A movie like Quantum, or the Transformers flicks, has tons of action in volume, but it tends to be lots and lots of short sequences. Quantum probably has like 10 different action scenes, maybe more, and they're all under 3 minutes, whereas Casino Royale has maybe 4, but more in the 6-10 minute range.
I think this is why a lot of modern action films feel monotonous, none of the action stands out or is memorable enough to make an impression, so all you end up remembering is kind of a fog of explosions. That's certainly my experience with the Transformers series.
The reason for that is the sound is literally the only reason you have an idea what is going on in those scenes. The image is so incoherent, they are forced to use the audio to try to convey what is even happening. Seriously, try watching the Quantum chase with no sound. There was a video essay about this about a year back.
Ya I've gotten as far as Tarkovsky on that chart, haven't heard of anyone blow that. Considering how amazing so many of Tarkovsky's films are, it's comforting to know there's dozens of potentially great directors who's work I haven't seen or heard of yet.
Yeah, they introduced it and did nothing with it. Makes me wonder if they'll pick up that thread going forward, or if they're going to use brand new villains. The next 2 movies are said to be closely tied together, so perhaps they do something where bond has to take Quantum down over 2 movies, bringing things full circle to Casino Royale.
Believe she was tied up. That is probably the weak point for a lot of people though, because Bond's and the movie's reaction to what happens to her feels really weird and off. The movie literally almost immediately forgets about her the second she's dead, and we're playing triumphant music of the villain being captured, while she's slumped over dead in the background.
I don't mind it just because all of Cameron's movies pretty much look that way, so if he wants to grade it in that direction to make it consistent, more power to him, it'd be different if he was doing that just to be trendy. Also, grading aside, it's visually a phenomenal blu-ray transfer, crazy detailed without losing the film grain. It looks amazing.
Ya you can argue plot nitpicks, but everything about it aesthetically as well as camera placement and editing, is outstanding.

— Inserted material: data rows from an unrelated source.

lemma positive_op_involution_trace_eq_imp_row_invariant:
  assumes pos: "positive_op V A" and "finite V"
    and maps: "\<And>w. w \<in> configs V \<Longrightarrow> \<sigma> w \<in> configs V"
    and invol: "\<And>w. w \<in> configs V \<Longrightarrow> \<sigma> (\<sigma> w) = w"
    and trace: "(\<Sum>w\<in>configs V. A (\<sigma> w) w) = (\<Sum>w\<in>configs V. A w w)"
    and w: "w \<in> configs V" and x: "x \<in> configs V"
  shows "A (\<sigma> w) x = A w x"
proof -
  define C where "C = configs V"
  have finC: "finite C" unfolding C_def using \<open>finite V\<close> by (rule finite_configs)
  define u where "u w = (\<lambda>y. basis_vec w y - basis_vec (\<sigma> w) y)" for w
  define q where "q w = inner_S V (u w) (apply_op V A (u w))" for w
  have q_eq: "q w = A w w - A w (\<sigma> w) - A (\<sigma> w) w + A (\<sigma> w) (\<sigma> w)" if "w \<in> C" for w
  proof -
    have "w \<in> configs V" "\<sigma> w \<in> configs V" using that maps unfolding C_def by auto
    then show ?thesis
      unfolding q_def u_def
      by (simp only: apply_op_basis_vec_diff inner_S_basis_vec_diff \<open>finite V\<close>) simp
  qed
  have bij: "bij_betw \<sigma> C C"
    unfolding C_def by (rule bij_betw_byWitness[of _ \<sigma>]) (use maps invol in auto)
  have reindex: "(\<Sum>w\<in>C. f (\<sigma> w)) = (\<Sum>w\<in>C. f w)" for f :: "config \<Rightarrow> complex"
    using sum.reindex_bij_betw[OF bij] .
  have "(\<Sum>w\<in>C. q w) =
      (\<Sum>w\<in>C. A w w) - (\<Sum>w\<in>C. A w (\<sigma> w)) - (\<Sum>w\<in>C. A (\<sigma> w) w) + (\<Sum>w\<in>C. A (\<sigma> w) (\<sigma> w))"
    using q_eq by (simp add: sum_subtractf sum.distrib)
  also have "(\<Sum>w\<in>C. A w (\<sigma> w)) = (\<Sum>w\<in>C. A (\<sigma> w) w)"
  proof -
    have "(\<Sum>w\<in>C. A w (\<sigma> w)) = (\<Sum>w\<in>C. A (\<sigma> (\<sigma> w)) (\<sigma> w))"
      using invol unfolding C_def by (intro sum.cong) auto
    also have "\<dots> = (\<Sum>w\<in>C. A (\<sigma> w) w)" by (rule reindex)
    finally show ?thesis .
  qed
  also have "(\<Sum>w\<in>C. A (\<sigma> w) (\<sigma> w)) = (\<Sum>w\<in>C. A w w)" by (rule reindex)
  finally have "(\<Sum>w\<in>C. q w) = 0" using trace unfolding C_def by simp
  then have "(\<Sum>w\<in>C. Re (q w)) = 0"
    by (metis Re_sum zero_complex.sel(1))
  moreover have nonneg: "Im (q w) = 0 \<and> Re (q w) \<ge> 0" for w
    using pos[unfolded positive_op_def, rule_format, of "u w"] unfolding q_def .
  ultimately have "Re (q w) = 0"
    using sum_nonneg_eq_0_iff[OF finC, of "\<lambda>w. Re (q w)"] w unfolding C_def by simp
  with nonneg have "q w = 0" by (simp add: complex_eq_iff)
  then have "inner_S V (u w) (apply_op V A (basis_vec x)) = 0"
    unfolding q_def by (rule positive_op_quadratic_zero_imp_orthogonal[OF pos])
  also have "inner_S V (u w) (apply_op V A (basis_vec x)) = A w x - A (\<sigma> w) x"
    unfolding u_def using w x maps[OF w] \<open>finite V\<close>
    by (simp only: apply_op_basis_vec inner_S_basis_vec_diff)
  finally show ?thesis by simp
qed
lemma magnus_Cons_neg:
  "magnus ((x, False) # w) (y # t) =
     magnus w (y # t) - (if y = x then magnus ((x, False) # w) t else 0)"
  by (simp add: magnus_def ps_mult_one_plus_inv_Cons)

definition jh_precedes :: "'a fletter list \<Rightarrow> nat \<Rightarrow> nat \<Rightarrow> bool" where
  "jh_precedes w a b = (if snd (w!b) then a < b else a \<le> b)"

definition jh_admissible :: "'a fletter list \<Rightarrow> nat \<Rightarrow> nat list set" where
  "jh_admissible w k =
     {p. length p = k \<and> (\<forall>i\<in>set p. i < length w) \<and> successively (jh_precedes w) p}"

definition jh_label :: "'a fletter list \<Rightarrow> nat list \<Rightarrow> 'a list" where
  "jh_label w p = map (\<lambda>i. fst (w!i)) p"

definition jh_sign :: "'a fletter list \<Rightarrow> nat list \<Rightarrow> int" where
  "jh_sign w p = (if even (length (filter (\<lambda>i. \<not> snd (w!i)) p)) then 1 else -1)"

definition jh_count :: "'a fletter list \<Rightarrow> nat \<Rightarrow> 'a list \<Rightarrow> int" where
  "jh_count w k s = (\<Sum>p\<in>jh_admissible w k. if jh_label w p = s then jh_sign w p else 0)"

lemma jh_sign_Cons: "jh_sign w (i # p) = (if snd (w!i) then jh_sign w p else - jh_sign w p)"
  by (simp add: jh_sign_def)

lemma finite_jh_admissible: "finite (jh_admissible w k)"
proof -
  have "jh_admissible w k \<subseteq> {p. set p \<subseteq> {..<length w} \<and> length p = k}"
    by (auto simp: jh_admissible_def)
  then show ?thesis using finite_lists_length_eq[of "{..<length w}" k] finite_subset by blast
qed

lemma set_jh_seqs: "set (jh_seqs w k) = jh_admissible w k"
proof (induction k)
  case 0
  show ?case by (auto simp: jh_admissible_def)
next
  case (Suc k)
  show ?case
  proof (intro set_eqI iffI)
    fix p assume "p \<in> set (jh_seqs w (Suc k))"
    then obtain m q where "m < length w" "q \<in> jh_admissible w k" "p = q @ [m]"
       "q = [] \<or> (if snd (w!m) then last q < m else last q \<le> m)"
      using Suc by auto
    then show "p \<in> jh_admissible w (Suc k)"
      by (auto simp: jh_admissible_def successively_append_iff jh_precedes_def)
  next
    fix p assume p: "p \<in> jh_admissible w (Suc k)"
    then have "p \<noteq> []" by (auto simp: jh_admissible_def)
    then obtain q m where qm: "p = q @ [m]" by (metis rev_exhaust)
    with p have "m < length w" "q \<in> jh_admissible w k"
       "q = [] \<or> (if snd (w!m) then last q < m else last q \<le> m)"
      by (auto simp: jh_admissible_def successively_append_iff jh_precedes_def)
    with Suc qm show "p \<in> set (jh_seqs w (Suc k))"
      by (auto intro!: bexI[of _ m] imageI)
  qed
qed

lemma distinct_concat_map:
  assumes "distinct xs" "\<And>x. x \<in> set xs \<Longrightarrow> distinct (f x)"
    "\<And>x y. x \<in> set xs \<Longrightarrow> y \<in> set xs \<Longrightarrow> x \<noteq> y \<Longrightarrow> set (f x) \<inter> set (f y) = {}"
  shows "distinct (concat (map f xs))"
  using assms by (induction xs) auto

lemma distinct_jh_seqs: "distinct (jh_seqs w k)"
proof (induction k)
  case (Suc k)
  show ?case unfolding jh_seqs.simps
    by (rule distinct_concat_map) (auto simp: distinct_map inj_on_def Suc)
qed simp

lemma ab_word_james_hopf: "ab_word (james_hopf k w) s = jh_count w k s"
proof -
  have "ab_word (james_hopf k w) s = ab_word (map (jh_factor w) (jh_seqs w k)) s"
    by (simp add: james_hopf_def ab_word_free_reduce)
  also have "\<dots> = (\<Sum>p\<leftarrow>jh_seqs w k. if jh_label w p = s then jh_sign w p else 0)"
    unfolding ab_word_def map_map o_def
    by (rule arg_cong[where f=sum_list], rule map_cong)
       (auto simp: jh_factor_def jh_label_def jh_sign_def)
  also have "\<dots> = jh_count w k s"
    by (simp add: jh_count_def sum_list_distinct_conv_sum_set distinct_jh_seqs set_jh_seqs)
  finally show ?thesis .
qed

lemma jh_count_length_neq: "length s \<noteq> k \<Longrightarrow> jh_count w k s = 0"
  unfolding jh_count_def by (rule sum.neutral) (auto simp: jh_admissible_def jh_label_def)

lemma jh_count_Nil: "jh_count w 0 [] = 1"
proof -
  have "jh_admissible w 0 = {[]}" by (auto simp: jh_admissible_def)
  then show ?thesis by (simp add: jh_count_def jh_label_def jh_sign_def)
qed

QOS....if you think that movie makes more sense story-wise...I dunno, I honestly remember so little about it that I'm in no position to argue the point. It felt mostly like a total mess at the time, not standing on its own as a good bond story, and failing miserably as an epilogue to Casino Royale by having bond get side-tracked into some stupid water economics storyline instead of chasing the people responsible for Vesper's death.
And it's practically a war-crime against action staging and geography, so there's that. I don't HATE that one, but it's really weak.